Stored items
*** Block opens ***
definition upper_tri :: "nat \<Rightarrow> (nat \<Rightarrow> nat \<Rightarrow> 'a::zero) \<Rightarrow> bool" where
  "upper_tri k A \<longleftrightarrow> (\<forall>i j. A i j \<noteq> 0 \<longrightarrow> i \<le> j \<and> j < k)"

definition upper_tri_shift :: "nat \<Rightarrow> nat \<Rightarrow> (nat \<Rightarrow> nat \<Rightarrow> 'a::zero) \<Rightarrow> bool" where
  "upper_tri_shift k t A \<longleftrightarrow> upper_tri k A \<and> (\<forall>i<k. \<forall>j<k. int j - int i \<le> int t \<longrightarrow> A i j = 0)"

fun wmat :: "nat \<Rightarrow> (nat \<Rightarrow> nat \<Rightarrow> nat \<Rightarrow> 'a::comm_ring_1) \<Rightarrow> nat list \<Rightarrow> nat \<Rightarrow> nat \<Rightarrow> 'a" where
  "wmat k u [] = mone k"
| "wmat k u (x # w) = mmul k (u x) (wmat k u w)"

definition peval :: "nat \<Rightarrow> (nat list \<Rightarrow> 'a::comm_ring_1) \<Rightarrow> (nat \<Rightarrow> nat \<Rightarrow> nat \<Rightarrow> 'a) \<Rightarrow> nat \<Rightarrow> nat \<Rightarrow> 'a" where
  "peval k p u = (\<lambda>i j. \<Sum>w\<in>{w. p w \<noteq> 0}. p w * wmat k u w i j)"

definition peval_scalar :: "(nat list \<Rightarrow> 'a::comm_ring_1) \<Rightarrow> (nat \<Rightarrow> 'a) \<Rightarrow> 'a" where
  "peval_scalar p c = (\<Sum>w\<in>{w. p w \<noteq> 0}. p w * prod_list (map c w))"
definition weight_part :: "('i::finite, 'm::finite, 'r::finite) param \<Rightarrow> ('i, 'm, 'r) param" where
  "weight_part \<theta> = (\<chi> r. (fst (\<theta> $ r), 0))"

definition total_weight :: "('i::finite, 'm::finite, 'r::finite) param \<Rightarrow> real" where
  "total_weight \<theta> = (\<Sum>r\<in>UNIV. fst (\<theta> $ r))"

definition unit_weights :: "('i::finite, 'm::finite, 'r::finite) param" where
  "unit_weights = (\<chi> r. (1, 0))"

definition weight_basis :: "'r \<Rightarrow> ('i::finite, 'm::finite, 'r::finite) param" where
  "weight_basis r\<^sub>0 = (\<chi> r. if r = r\<^sub>0 then (1, 0) else 0)"

definition uniform_factors :: "('i::finite, 'm::finite, 'r::finite) param" where
  "uniform_factors = (\<chi> r. (0, \<chi> m i. 1 / real CARD('i)))"

lemma scale_weights_nth [simp]: "scale_weights c \<theta> $ r = (c * fst (\<theta> $ r), snd (\<theta> $ r))"
  by (simp add: scale_weights_def)

lemma scale_weights_scale_weights [simp]: "scale_weights a (scale_weights b \<theta>) = scale_weights (a * b) \<theta>"
  by (simp add: vec_eq_iff)

lemma scale_weights_1 [simp]: "scale_weights 1 \<theta> = \<theta>"
  by (simp add: vec_eq_iff)

lemma scale_weights_add: "scale_weights c (\<theta> + \<eta>) = scale_weights c \<theta> + scale_weights c \<eta>"
  by (simp add: vec_eq_iff algebra_simps)

lemma scale_weights_conv: "scale_weights c \<theta> = \<theta> + (c - 1) *\<^sub>R weight_part \<theta>"
  by (simp add: weight_part_def vec_eq_iff prod_eq_iff algebra_simps)

lemma bounded_linear_scale_weights: "bounded_linear (scale_weights c)"
  by (rule bounded_linearI') (simp_all add: vec_eq_iff algebra_simps)

lemma inj_scale_weights: "c \<noteq> 0 \<Longrightarrow> inj (scale_weights c)"
  by (metis injI nonzero_divide_eq_eq scale_weights_1 scale_weights_scale_weights)

lemma bounded_linear_weight_part: "bounded_linear weight_part"
  by (rule bounded_linearI') (simp_all add: weight_part_def vec_eq_iff)

lemma weight_part_diff: "weight_part (\<theta> - \<eta>) = weight_part \<theta> - weight_part \<eta>"
  by (simp add: weight_part_def vec_eq_iff)

lemma inner_weight_part: "inner w (weight_part \<theta>) = (\<Sum>r\<in>UNIV. fst (w $ r) * fst (\<theta> $ r))"
  by (simp add: weight_part_def inner_vec_def inner_prod_def)

lemma inner_weight_basis: "inner \<theta> (weight_basis r) = fst (\<theta> $ r)"
  by (simp add: weight_basis_def inner_vec_def inner_prod_def if_distrib cong: if_cong)

lemma weight_basis_neq_0: "weight_basis r \<noteq> 0"
  by (auto simp add: weight_basis_def vec_eq_iff zero_prod_def)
*** Block closes ***
WHAT NEEDS TO BE DONE
Your answer must be every record above, set down exactly as written.

SOLVED PROBLEM
definition upper_tri :: "nat \<Rightarrow> (nat \<Rightarrow> nat \<Rightarrow> 'a::zero) \<Rightarrow> bool" where
  "upper_tri k A \<longleftrightarrow> (\<forall>i j. A i j \<noteq> 0 \<longrightarrow> i \<le> j \<and> j < k)"

definition upper_tri_shift :: "nat \<Rightarrow> nat \<Rightarrow> (nat \<Rightarrow> nat \<Rightarrow> 'a::zero) \<Rightarrow> bool" where
  "upper_tri_shift k t A \<longleftrightarrow> upper_tri k A \<and> (\<forall>i<k. \<forall>j<k. int j - int i \<le> int t \<longrightarrow> A i j = 0)"

fun wmat :: "nat \<Rightarrow> (nat \<Rightarrow> nat \<Rightarrow> nat \<Rightarrow> 'a::comm_ring_1) \<Rightarrow> nat list \<Rightarrow> nat \<Rightarrow> nat \<Rightarrow> 'a" where
  "wmat k u [] = mone k"
| "wmat k u (x # w) = mmul k (u x) (wmat k u w)"

definition peval :: "nat \<Rightarrow> (nat list \<Rightarrow> 'a::comm_ring_1) \<Rightarrow> (nat \<Rightarrow> nat \<Rightarrow> nat \<Rightarrow> 'a) \<Rightarrow> nat \<Rightarrow> nat \<Rightarrow> 'a" where
  "peval k p u = (\<lambda>i j. \<Sum>w\<in>{w. p w \<noteq> 0}. p w * wmat k u w i j)"

definition peval_scalar :: "(nat list \<Rightarrow> 'a::comm_ring_1) \<Rightarrow> (nat \<Rightarrow> 'a) \<Rightarrow> 'a" where
  "peval_scalar p c = (\<Sum>w\<in>{w. p w \<noteq> 0}. p w * prod_list (map c w))"
definition weight_part :: "('i::finite, 'm::finite, 'r::finite) param \<Rightarrow> ('i, 'm, 'r) param" where
  "weight_part \<theta> = (\<chi> r. (fst (\<theta> $ r), 0))"

definition total_weight :: "('i::finite, 'm::finite, 'r::finite) param \<Rightarrow> real" where
  "total_weight \<theta> = (\<Sum>r\<in>UNIV. fst (\<theta> $ r))"

definition unit_weights :: "('i::finite, 'm::finite, 'r::finite) param" where
  "unit_weights = (\<chi> r. (1, 0))"

definition weight_basis :: "'r \<Rightarrow> ('i::finite, 'm::finite, 'r::finite) param" where
  "weight_basis r\<^sub>0 = (\<chi> r. if r = r\<^sub>0 then (1, 0) else 0)"

definition uniform_factors :: "('i::finite, 'm::finite, 'r::finite) param" where
  "uniform_factors = (\<chi> r. (0, \<chi> m i. 1 / real CARD('i)))"

lemma scale_weights_nth [simp]: "scale_weights c \<theta> $ r = (c * fst (\<theta> $ r), snd (\<theta> $ r))"
  by (simp add: scale_weights_def)

lemma scale_weights_scale_weights [simp]: "scale_weights a (scale_weights b \<theta>) = scale_weights (a * b) \<theta>"
  by (simp add: vec_eq_iff)

lemma scale_weights_1 [simp]: "scale_weights 1 \<theta> = \<theta>"
  by (simp add: vec_eq_iff)

lemma scale_weights_add: "scale_weights c (\<theta> + \<eta>) = scale_weights c \<theta> + scale_weights c \<eta>"
  by (simp add: vec_eq_iff algebra_simps)

lemma scale_weights_conv: "scale_weights c \<theta> = \<theta> + (c - 1) *\<^sub>R weight_part \<theta>"
  by (simp add: weight_part_def vec_eq_iff prod_eq_iff algebra_simps)

lemma bounded_linear_scale_weights: "bounded_linear (scale_weights c)"
  by (rule bounded_linearI') (simp_all add: vec_eq_iff algebra_simps)

lemma inj_scale_weights: "c \<noteq> 0 \<Longrightarrow> inj (scale_weights c)"
  by (metis injI nonzero_divide_eq_eq scale_weights_1 scale_weights_scale_weights)

lemma bounded_linear_weight_part: "bounded_linear weight_part"
  by (rule bounded_linearI') (simp_all add: weight_part_def vec_eq_iff)

lemma weight_part_diff: "weight_part (\<theta> - \<eta>) = weight_part \<theta> - weight_part \<eta>"
  by (simp add: weight_part_def vec_eq_iff)

lemma inner_weight_part: "inner w (weight_part \<theta>) = (\<Sum>r\<in>UNIV. fst (w $ r) * fst (\<theta> $ r))"
  by (simp add: weight_part_def inner_vec_def inner_prod_def)

lemma inner_weight_basis: "inner \<theta> (weight_basis r) = fst (\<theta> $ r)"
  by (simp add: weight_basis_def inner_vec_def inner_prod_def if_distrib cong: if_cong)

lemma weight_basis_neq_0: "weight_basis r \<noteq> 0"
  by (auto simp add: weight_basis_def vec_eq_iff zero_prod_def)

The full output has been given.